Write out the stretch of lines below that begins at the line with "For (ii), expand" and ends at the line with "(nat \<Rightarrow> nat \<Rightarrow> 'a) \<Rightarrow> nat", including both, exactly as given and nothing more.

Stored items from a collection:
────────────────────────────────────────
text \<open>H_u(A) = eta(Tr u) - omega_symp(A, du) + 1/2 omega_symp(A, [A,u]), where [A,u] = -[u,A].\<close>
definition Ham :: "('a \<Rightarrow> 'b) \<Rightarrow> ('a \<Rightarrow> 'b \<Rightarrow> 'b) \<Rightarrow> ('b \<Rightarrow> 'a \<Rightarrow> 'b) \<Rightarrow>
    ('b \<Rightarrow> 'b \<Rightarrow> complex) \<Rightarrow> ('a \<Rightarrow> complex) \<Rightarrow> nat \<Rightarrow>
    (nat \<Rightarrow> nat \<Rightarrow> 'a::ring_1) \<Rightarrow> (nat \<Rightarrow> nat \<Rightarrow> 'b::ab_group_add) \<Rightarrow> complex" where
  "Ham d lm rm w eta n u A =
     eta (mat_trace n u)
     - complex_of_real (omega_symp w n A (mat_d d u))
     + complex_of_real (1/2 * omega_symp w n A (\<lambda>i j. - act_comm lm rm n u A i j))"

end

theory Submission
  imports Defs "HOL-Library.Function_Algebras"
begin

(* Because u is anti-Hermitian and omega is invariant under the bimodule actions, the operator
   [u, -] is skew-adjoint for omega_0, hence for omega_symp.  Then H_u(A + tB) is a quadratic
   polynomial in t whose linear coefficient is omega_symp(du + [u,A], B), which is (i).
   For (ii), expand omega_symp(du1 + [u1,A], du2 + [u2,A]) into four terms: omega_symp(du1, du2)
   is eta(Trace [u1,u2]) by the commutator identity for eta; the two mixed terms add up to
   -omega_symp(A, d[u1,u2]) because d acts on matrices as a derivation; and the quadratic term is
   1/2 omega_symp(A, [A,[u1,u2]]) by skew-adjointness and the Jacobi identity
   [[u1,u2], -] = [u1,[u2,-]] - [u2,[u1,-]]. *)

definition mat_lmult :: "('a \<Rightarrow> 'b \<Rightarrow> 'b) \<Rightarrow> nat \<Rightarrow> (nat \<Rightarrow> nat \<Rightarrow> 'a) \<Rightarrow>
    (nat \<Rightarrow> nat \<Rightarrow> 'b::comm_monoid_add) \<Rightarrow> nat \<Rightarrow> nat \<Rightarrow> 'b" where
  "mat_lmult lm n u X = (\<lambda>i j. \<Sum>k<n. lm (u i k) (X k j))"

definition mat_rmult :: "('b \<Rightarrow> 'a \<Rightarrow> 'b) \<Rightarrow> nat \<Rightarrow> (nat \<Rightarrow> nat \<Rightarrow> 'b::comm_monoid_add) \<Rightarrow>
    (nat \<Rightarrow> nat \<Rightarrow> 'a) \<Rightarrow> nat \<Rightarrow> nat \<Rightarrow> 'b" where
  "mat_rmult rm n X u = (\<lambda>i j. \<Sum>k<n. rm (X i k) (u k j))"

definition mat_mult :: "nat \<Rightarrow> (nat \<Rightarrow> nat \<Rightarrow> 'a::semiring_0) \<Rightarrow> (nat \<Rightarrow> nat \<Rightarrow> 'a) \<Rightarrow>
    nat \<Rightarrow> nat \<Rightarrow> 'a" where
  "mat_mult n u v = (\<lambda>i j. \<Sum>k<n. u i k * v k j)"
────────────────────────────────────────
ANSWER TO THIS TASK:
   For (ii), expand omega_symp(du1 + [u1,A], du2 + [u2,A]) into four terms: omega_symp(du1, du2)
   is eta(Trace [u1,u2]) by the commutator identity for eta; the two mixed terms add up to
   -omega_symp(A, d[u1,u2]) because d acts on matrices as a derivation; and the quadratic term is
   1/2 omega_symp(A, [A,[u1,u2]]) by skew-adjointness and the Jacobi identity
   [[u1,u2], -] = [u1,[u2,-]] - [u2,[u1,-]]. *)

definition mat_lmult :: "('a \<Rightarrow> 'b \<Rightarrow> 'b) \<Rightarrow> nat \<Rightarrow> (nat \<Rightarrow> nat \<Rightarrow> 'a) \<Rightarrow>
    (nat \<Rightarrow> nat \<Rightarrow> 'b::comm_monoid_add) \<Rightarrow> nat \<Rightarrow> nat \<Rightarrow> 'b" where
  "mat_lmult lm n u X = (\<lambda>i j. \<Sum>k<n. lm (u i k) (X k j))"

definition mat_rmult :: "('b \<Rightarrow> 'a \<Rightarrow> 'b) \<Rightarrow> nat \<Rightarrow> (nat \<Rightarrow> nat \<Rightarrow> 'b::comm_monoid_add) \<Rightarrow>
    (nat \<Rightarrow> nat \<Rightarrow> 'a) \<Rightarrow> nat \<Rightarrow> nat \<Rightarrow> 'b" where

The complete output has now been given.